While a slightly different implementation of the feature than in Azure SQL, the Query Store offers insightful actionable performance information to the DBA.
Describe performance-related maintenance tasks in SQL Server
Maintain indexes
Rebuild and reorganize
Index fragmentation occurs when logical ordering within index pages does not match the physical ordering
The common guidance for index maintenance is:
· >5% but ❤0% Reorganize the index
· >30% Rebuild the index
Maintain statistics
Statistics are stored in the user database as binary large objects (blobs).
These blobs contain statistical information about the distribution of data values in one or more columns of a table or indexed view.
The query optimizer uses column and index statistics in order to determine cardinality, which is the number of rows a query is expected to return.
SELECT sp.stats_id,
name,
last_updated,
rows,
rows_sampled
FROM sys.stats
CROSS APPLY sys.dm_db_stats_properties(object_id, stats_id) AS sp
WHERE user_created = 1
Describe automatic tuning
Automatic tuning features
SQL Server 2017 introduced a feature called automatic tuning.

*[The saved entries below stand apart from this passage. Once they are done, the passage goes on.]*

(* For all $n\in\mathbb N$ the following hold in the $q$-shuffle algebra $\mathbb V$: $$G_n=q^{2n}D_n+q^2\sum_{\substack{i+j+k+1=n\\ i,j,k\ge0}}W_{-i}\star D_j\star W_{k+1},$$ $$G_n=q^{-2n}D_n+\sum_{\substack{i+j+k+1=n\\ i,j,k\ge0}}W_{k+1}\star D_j\star W_{-i}.$$
   Context: Let $\mathbb F$ be a field and let $q\in\mathbb F$ be nonzero and not a root of unity. Let $\mathbb V$ be the free associative $\mathbb F$-algebra on noncommuting $x,y$, with basis the words (including $1$). Juxtaposition denotes concatenation. Set $\langle x,x\rangle=\langle y,y\rangle=2$ and $\langle x,y\rangle=\langle y,x\rangle=-2$. The $q$-shuffle product $\star$ is the bilinear product determined as follows: - $1\star v=v\star 1=v$; - for nontrivial words $u=u_1\cdots u_r$ and $v=v_1\cdots v_s$, $$u\star v=u_1((u_2\cdots u_r)\star v)+v_1(u\star(v_2\cdots v_s))q^{\langle u_1,v_1\rangle+\cdots+\langle u_r,v_1\rangle}.$$ This makes $\mathbb V$ an associative algebra, the $q$-shuffle algebra. For $k\in\mathbb N$: - $W_{-k}=xyx\cdots x$ is the alternating word of length $2k+1$ beginning and ending with $x$; - $W_{k+1}=yxy\cdots y$ is the alternating word of length $2k+1$ beginning and ending with $y$; - $G_k=yxyx\cdots yx$ is the word of length $2k$; - $\tilde G_k=xyxy\cdots xy$ is the word of length $2k$; - $G_0=\tilde G_0=1$. Define $\{D_n\}_{n\in\mathbb N}\subseteq\mathbb V$ recursively by $D_0=1$ and, for $n\ge1$, $\sum_{i=0}^n D_i\star\tilde G_{n-i}=0$. *)

theory Defs
  imports Main "HOL-Library.Poly_Mapping"
begin

datatype letter = X | Y

type_synonym word = "letter list"

type_synonym 'a qvec = "word \<Rightarrow>\<^sub>0 'a"

definition wd :: "word \<Rightarrow> 'a::field qvec" where
  "wd w = Poly_Mapping.single w 1"

definition one_V :: "'a::field qvec" where
  "one_V = wd []"

definition sc :: "'a::field \<Rightarrow> 'a qvec \<Rightarrow> 'a qvec" where
  "sc c p = Poly_Mapping.map (\<lambda>t. c * t) p"

definition prep :: "letter \<Rightarrow> 'a::field qvec \<Rightarrow> 'a qvec" where
  "prep a p = (\<Sum>w\<in>Poly_Mapping.keys p. Poly_Mapping.single (a # w) (Poly_Mapping.lookup p w))"

definition bil :: "letter \<Rightarrow> letter \<Rightarrow> int" where
  "bil a b = (if a = b then 2 else -2)"

fun qsh :: "'a::field \<Rightarrow> word \<Rightarrow> word \<Rightarrow> 'a qvec" where
  "qsh q [] v = wd v"
| "qsh q (a # u) [] = wd (a # u)"
| "qsh q (a # u) (b # v) =
     prep a (qsh q u (b # v))
     + sc (q powi (\<Sum>c\<leftarrow>a # u. bil c b)) (prep b (qsh q (a # u) v))"

definition qstar :: "'a::field \<Rightarrow> 'a qvec \<Rightarrow> 'a qvec \<Rightarrow> 'a qvec" where
  "qstar q f g = (\<Sum>u\<in>Poly_Mapping.keys f. \<Sum>v\<in>Poly_Mapping.keys g. sc (Poly_Mapping.lookup f u * Poly_Mapping.lookup g v) (qsh q u v))"

text \<open>Wneg k = W_{-k} = xyx...x of length 2k+1.\<close>
definition Wneg :: "nat \<Rightarrow> word" where
  "Wneg k = map (\<lambda>i. if even i then X else Y) [0..<2*k+1]"

text \<open>Wpos k = W_{k+1} = yxy...y of length 2k+1.\<close>
definition Wpos :: "nat \<Rightarrow> word" where
  "Wpos k = map (\<lambda>i. if even i then Y else X) [0..<2*k+1]"

text \<open>Gw k = G_k = yxyx...yx of length 2k.\<close>
definition Gw :: "nat \<Rightarrow> word" where
  "Gw k = map (\<lambda>i. if even i then Y else X) [0..<2*k]"

text \<open>Gtw k = tilde G_k = xyxy...xy of length 2k.\<close>
definition Gtw :: "nat \<Rightarrow> word" where
  "Gtw k = map (\<lambda>i. if even i then X else Y) [0..<2*k]"

end

theory Submission
  imports Defs HOL.Vector_Spaces
begin

text \<open>
  Write \<open>\<partial>\<^sub>a\<close> (lderiv) for the removal of a leading letter a from words and
  \<open>K\<^sub>a w = q\<^bsup>\<langle>w,a\<rangle>\<^esup> w\<close> (qweight). The q-shuffle product obeys the twisted
  Leibniz rule \<open>\<partial>\<^sub>a (u \<star> v) = \<partial>\<^sub>a u \<star> v + K\<^sub>a u \<star> \<partial>\<^sub>a v\<close>, and an element of V is
  determined by its constant term together with \<open>\<partial>\<^sub>X\<close> and \<open>\<partial>\<^sub>Y\<close>; induction on length
  then already gives associativity.

  In terms of generating functions in t with coefficients in V, the recursion for D says
  \<open>D(t) G~(t) = 1\<close>. Since \<open>\<partial>\<^sub>Y G~ = 0\<close> and \<open>\<partial>\<^sub>X G~ = t W\<^sub>+\<close>, this gives \<open>\<partial>\<^sub>Y D = 0\<close> and
  \<open>\<partial>\<^sub>X D = - t D W\<^sub>+ D\<close>. Comparing derivatives shows
  \<open>G~(t) W\<^sub>+(q\<^sup>2 t) = W\<^sub>+(t) G~(q\<^sup>2 t)\<close>, hence \<open>D(t) W\<^sub>+(t) = W\<^sub>+(q\<^sup>2 t) D(q\<^sup>2 t)\<close>.
  With these rules, both sides of each claimed formula have the same constant terms and
  the same \<open>\<partial>\<^sub>Y\<close>, and their \<open>\<partial>\<^sub>X\<close> agree once the formula holds in all lower degrees;
  so the formulas follow by induction on n.
\<close>

section \<open>The vector space V\<close>

abbreviation coeff :: "'a::field qvec \<Rightarrow> word \<Rightarrow> 'a" where
  "coeff \<equiv> Poly_Mapping.lookup"

lemma coeff_sc [simp]: "coeff (sc c p) w = c * coeff p w"
  by (simp add: sc_def map.rep_eq when_def)

lemma coeff_wd: "coeff (wd u) w = (if u = w then 1 else 0)"
  by (simp add: wd_def lookup_single when_def)

lemma coeff_one_V: "coeff one_V w = (if w = [] then 1 else 0)"
  by (simp add: one_V_def coeff_wd)

lemma keys_wd [simp]: "Poly_Mapping.keys (wd u :: 'a::field qvec) = {u}"
  by (simp add: wd_def)

global_interpretation qvec: vector_space "sc :: 'a::field \<Rightarrow> 'a qvec \<Rightarrow> 'a qvec"
  by unfold_locales (auto intro!: poly_mapping_eqI simp: lookup_add algebra_simps)

global_interpretation qvec: vector_space_pair
  "sc :: 'a::field \<Rightarrow> 'a qvec \<Rightarrow> 'a qvec" "sc :: 'a::field \<Rightarrow> 'a qvec \<Rightarrow> 'a qvec"
  by unfold_locales

abbreviation qlinear :: "('a::field qvec \<Rightarrow> 'a qvec) \<Rightarrow> bool" where
  "qlinear \<equiv> Vector_Spaces.linear sc sc"

lemma qvec_eq_sum_words: "p = (\<Sum>w\<in>Poly_Mapping.keys p. sc (coeff p w) (wd w))"
proof (rule poly_mapping_eqI)
  fix v
  have "coeff (\<Sum>w\<in>Poly_Mapping.keys p. sc (coeff p w) (wd w)) v
      = (\<Sum>w\<in>Poly_Mapping.keys p. if w = v then coeff p w else 0)"
    by (simp add: lookup_sum coeff_wd if_distrib[of "\<lambda>t. _ * t"] cong: if_cong)
  also have "\<dots> = coeff p v"
    by (simp add: sum.delta' in_keys_iff)
  finally show "coeff p v = coeff (\<Sum>w\<in>Poly_Mapping.keys p. sc (coeff p w) (wd w)) v" ..
qed

lemma span_words: "p \<in> qvec.span (range wd)"
  by (subst qvec_eq_sum_words) (intro qvec.span_sum qvec.span_scale qvec.span_base rangeI)

lemma linear_qvecI:
  assumes "\<And>x y. F (x + y) = F x + F y" and "\<And>c x. F (sc c x) = sc c (F x)"
  shows "qlinear F"
  using assms by (simp add: linear_iff qvec.vector_space_axioms)

lemma linear_eq_on_words:
  assumes "qlinear F" and "qlinear G" and "\<And>w. F (wd w) = G (wd w)"
  shows "F p = G p"
  using qvec.linear_eq_on[OF assms(1,2) span_words] assms(3) by blast

lemma bilinear_eq_on_words:
  assumes "\<And>Q. qlinear (\<lambda>P. F P Q)" and "\<And>P. qlinear (F P)"
    and "\<And>Q. qlinear (\<lambda>P. G P Q)" and "\<And>P. qlinear (G P)"
    and "\<And>u v. F (wd u) (wd v) = G (wd u) (wd v)"
  shows "F P Q = G P Q"
proof (rule linear_eq_on_words[where F="\<lambda>P. F P Q"])
  fix u
  show "F (wd u) Q = G (wd u) Q"
    by (rule linear_eq_on_words[where F="F (wd u)"]) (fact assms)+
qed (fact assms)+

section \<open>Left derivatives and the q-shuffle product\<close>

definition lderiv :: "letter \<Rightarrow> 'a::field qvec \<Rightarrow> 'a qvec" where
  "lderiv a p = Abs_poly_mapping (\<lambda>w. coeff p (a # w))"

lemma coeff_lderiv [simp]: "coeff (lderiv a p) w = coeff p (a # w)"
proof -
  have "{w. coeff p (a # w) \<noteq> 0} \<subseteq> tl ` Poly_Mapping.keys p"
    by (auto simp: in_keys_iff image_iff intro!: bexI[where x="a # _"])
  then have "finite {w. coeff p (a # w) \<noteq> 0}"
    by (rule finite_subset) simp
  then show ?thesis by (simp add: lderiv_def)
qed

definition weight :: "word \<Rightarrow> letter \<Rightarrow> int" where
  "weight w b = (\<Sum>c\<leftarrow>w. bil c b)"

lemma weight_Nil [simp]: "weight [] b = 0"
  by (simp add: weight_def)

lemma weight_Cons [simp]: "weight (c # w) b = bil c b + weight w b"
  by (simp add: weight_def)

definition qweight :: "'a::field \<Rightarrow> letter \<Rightarrow> 'a qvec \<Rightarrow> 'a qvec" where
  "qweight q a p = Abs_poly_mapping (\<lambda>w. q powi weight w a * coeff p w)"

lemma coeff_qweight [simp]: "coeff (qweight q a p) w = q powi weight w a * coeff p w"
proof -
  have "finite {w. q powi weight w a * coeff p w \<noteq> 0}"
    by (rule finite_subset[of _ "Poly_Mapping.keys p"]) (auto simp: in_keys_iff)
  then show ?thesis
    unfolding qweight_def by (subst lookup_Abs_poly_mapping) auto
qed

lemma linear_lderiv: "qlinear (lderiv a)"
  by (rule linear_qvecI; rule poly_mapping_eqI) (simp_all add: lookup_add)

lemma linear_qweight: "qlinear (qweight q a)"
  by (rule linear_qvecI; rule poly_mapping_eqI) (simp_all add: lookup_add algebra_simps)

lemmas lderiv_add = qvec.linear_add[OF linear_lderiv]
  and lderiv_sc = qvec.linear_scale[OF linear_lderiv]
  and lderiv_diff = qvec.linear_diff[OF linear_lderiv]
  and lderiv_sum = qvec.linear_sum[OF linear_lderiv]
  and lderiv_zero [simp] = qvec.linear_0[OF linear_lderiv]

lemmas qweight_add = qvec.linear_add[OF linear_qweight]
  and qweight_sc = qvec.linear_scale[OF linear_qweight]
  and qweight_sum = qvec.linear_sum[OF linear_qweight]
  and qweight_zero [simp] = qvec.linear_0[OF linear_qweight]

lemma lderiv_wd_Nil [simp]: "lderiv a (wd []) = 0"
  by (rule poly_mapping_eqI) (simp add: coeff_wd)

lemma lderiv_wd_Cons [simp]: "lderiv a (wd (b # w)) = sc (if b = a then 1 else 0) (wd w)"
  by (rule poly_mapping_eqI) (auto simp: coeff_wd)

lemma qweight_wd: "qweight q a (wd w) = sc (q powi weight w a) (wd w)"
  by (rule poly_mapping_eqI) (simp add: coeff_wd)

lemma qvec_eqI:
  assumes "coeff P [] = coeff Q []" and "\<And>a. lderiv a P = lderiv a Q"
  shows "P = Q"
proof (rule poly_mapping_eqI)
  fix w
  show "coeff P w = coeff Q w"
    using assms by (cases w) (simp, metis coeff_lderiv)
qed

lemma coeff_prep_Nil [simp]: "coeff (prep a p) [] = 0"
  by (simp add: prep_def lookup_sum lookup_single)

lemma coeff_prep_Cons [simp]: "coeff (prep a p) (b # w) = (if b = a then coeff p w else 0)"
proof -
  have "coeff (prep a p) (b # w) = (\<Sum>v\<in>Poly_Mapping.keys p. if b = a \<and> v = w then coeff p v else 0)"
    by (auto simp: prep_def lookup_sum lookup_single when_def intro!: sum.cong)
  also have "\<dots> = (if b = a then coeff p w else 0)"
    by (auto simp: sum.delta' in_keys_iff)
  finally show ?thesis .
qed

lemma lderiv_prep: "lderiv a (prep b p) = (if b = a then p else 0)"
  by (rule poly_mapping_eqI) simp

lemma prep_sc: "prep b (sc c x) = sc c (prep b x)"
  by (rule qvec_eqI) (simp_all add: lderiv_prep lderiv_sc)

lemma qweight_prep:
  assumes "q \<noteq> 0"
  shows "qweight q a (prep b p) = sc (q powi bil b a) (prep b (qweight q a p))"
  by (rule qvec_eqI) (auto simp: lderiv_prep lderiv_sc power_int_add assms intro!: poly_mapping_eqI)

lemma qsh_Nil_right [simp]: "qsh q u [] = wd u"
  by (cases u) simp_all

lemma qsh_Cons_Cons: "qsh q (a # u) (b # v) =
     prep a (qsh q u (b # v)) + sc (q powi weight (a # u) b) (prep b (qsh q (a # u) v))"
  by (simp only: qsh.simps weight_def)

declare qsh.simps(3) [simp del]

lemma coeff_qsh_Nil: "coeff (qsh q u v) [] = (if u = [] \<and> v = [] then 1 else 0)"
  by (cases u; cases v) (simp_all add: coeff_wd qsh_Cons_Cons lookup_add)

lemma qweight_qsh:
  assumes "q \<noteq> 0"
  shows "qweight q a (qsh q u v) = sc (q powi (weight u a + weight v a)) (qsh q u v)"
  using assms
proof (induction q u v rule: qsh.induct)
  case (3 q c u b v)
  then show ?case
    by (simp add: qsh_Cons_Cons qweight_add qweight_sc qweight_prep prep_sc qvec.scale_right_distrib
        power_int_add mult_ac del: weight_Cons)
       (simp add: power_int_add mult_ac)
qed (simp_all add: qweight_wd)

lemma qstar_eq_sum_superset:
  assumes "finite A" "Poly_Mapping.keys f \<subseteq> A" "finite B" "Poly_Mapping.keys g \<subseteq> B"
  shows "qstar q f g = (\<Sum>u\<in>A. \<Sum>v\<in>B. sc (coeff f u * coeff g v) (qsh q u v))"
proof -
  have "qstar q f g = (\<Sum>u\<in>Poly_Mapping.keys f. \<Sum>v\<in>B. sc (coeff f u * coeff g v) (qsh q u v))"
    unfolding qstar_def
    by (intro sum.cong refl sum.mono_neutral_left assms) (auto simp: in_keys_iff)
  also have "\<dots> = (\<Sum>u\<in>A. \<Sum>v\<in>B. sc (coeff f u * coeff g v) (qsh q u v))"
    by (intro sum.mono_neutral_left assms) (auto simp: in_keys_iff)
  finally show ?thesis .
qed

lemma qstar_add_left: "qstar q (x + y) z = qstar q x z + qstar q y z"
proof -
  let ?A = "Poly_Mapping.keys x \<union> Poly_Mapping.keys y"
  have "Poly_Mapping.keys (x + y) \<subseteq> ?A"
    by (rule keys_add)
  then show ?thesis
    by (subst (1 2 3) qstar_eq_sum_superset[where A = ?A and B = "Poly_Mapping.keys z"])
       (auto simp: lookup_add algebra_simps qvec.scale_left_distrib sum.distrib)
qed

Automatic tuning allows for the gathering and applying machine learning against performance metrics to provide suggested improvements or even allow for self-correction.
Automatic tuning, whether on-premises or in the cloud, allows you to identify issues caused by query execution plan regression.

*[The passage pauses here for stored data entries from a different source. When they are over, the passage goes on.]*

(* unsigned digraph (U, E) is a directed cycle (length >= 1, loops allowed as length 1) *)
definition directed_cycle :: "'v set \<Rightarrow> ('v \<times> 'v) set \<Rightarrow> bool" where
  "directed_cycle U E \<longleftrightarrow> (\<exists>(n::nat) p. n \<ge> 1 \<and> bij_betw p {0..<n} U \<and>
       E = {(p k, p ((k + 1) mod n)) | k. k < n})"

definition simple_sd :: "'v sdigraph \<Rightarrow> bool" where
  "simple_sd G \<longleftrightarrow> (\<forall>j i s s'. (j, s, i) \<in> arcs G \<and> (j, s', i) \<in> arcs G \<longrightarrow> s = s')"

definition is_cycle_of :: "'v sdigraph \<Rightarrow> 'v sdigraph \<Rightarrow> bool" where
  "is_cycle_of C G \<longleftrightarrow> verts C \<subseteq> verts G \<and> arcs C \<subseteq> arcs G \<and> simple_sd C \<and>
      directed_cycle (verts C) (uarcs C)"

definition circular :: "'v set \<Rightarrow> (('v \<Rightarrow> bool) \<Rightarrow> ('v \<Rightarrow> bool)) \<Rightarrow> bool" where
  "circular W g \<longleftrightarrow> simple_sd (ig W g) \<and> directed_cycle W (uarcs (ig W g))"

definition no_chord :: "'v sdigraph \<Rightarrow> 'v sdigraph \<Rightarrow> bool" where
  "no_chord C G \<longleftrightarrow> (\<forall>j \<in> verts C. \<forall>i \<in> verts C. (j, i) \<in> uarcs G \<longrightarrow> (j, i) \<in> uarcs C)"

definition delocalizing :: "'v \<Rightarrow> 'v sdigraph \<Rightarrow> 'v sdigraph \<Rightarrow> bool" where
  "delocalizing v C G \<longleftrightarrow> v \<in> verts G \<and>
     (\<exists>a b. a \<in> verts C \<and> b \<in> verts C \<and> a \<noteq> b \<and> (v, Pos, a) \<in> arcs G \<and> (v, Neg, b) \<in> arcs G)"

end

Additionally, in Azure SQL Database you have the option to further improve query performance by index tuning.
Azure SQL Database automatic tuning can identify indexes that should be added or even removed from the database to enhance query performance.
If the forced plan does not perform better than the previous plan, it will be subsequently unforced and force a new plan to be compiled.
If the forced plan continues to outperform the previously bad plan, it will remain forced until such time as a recompile occurs.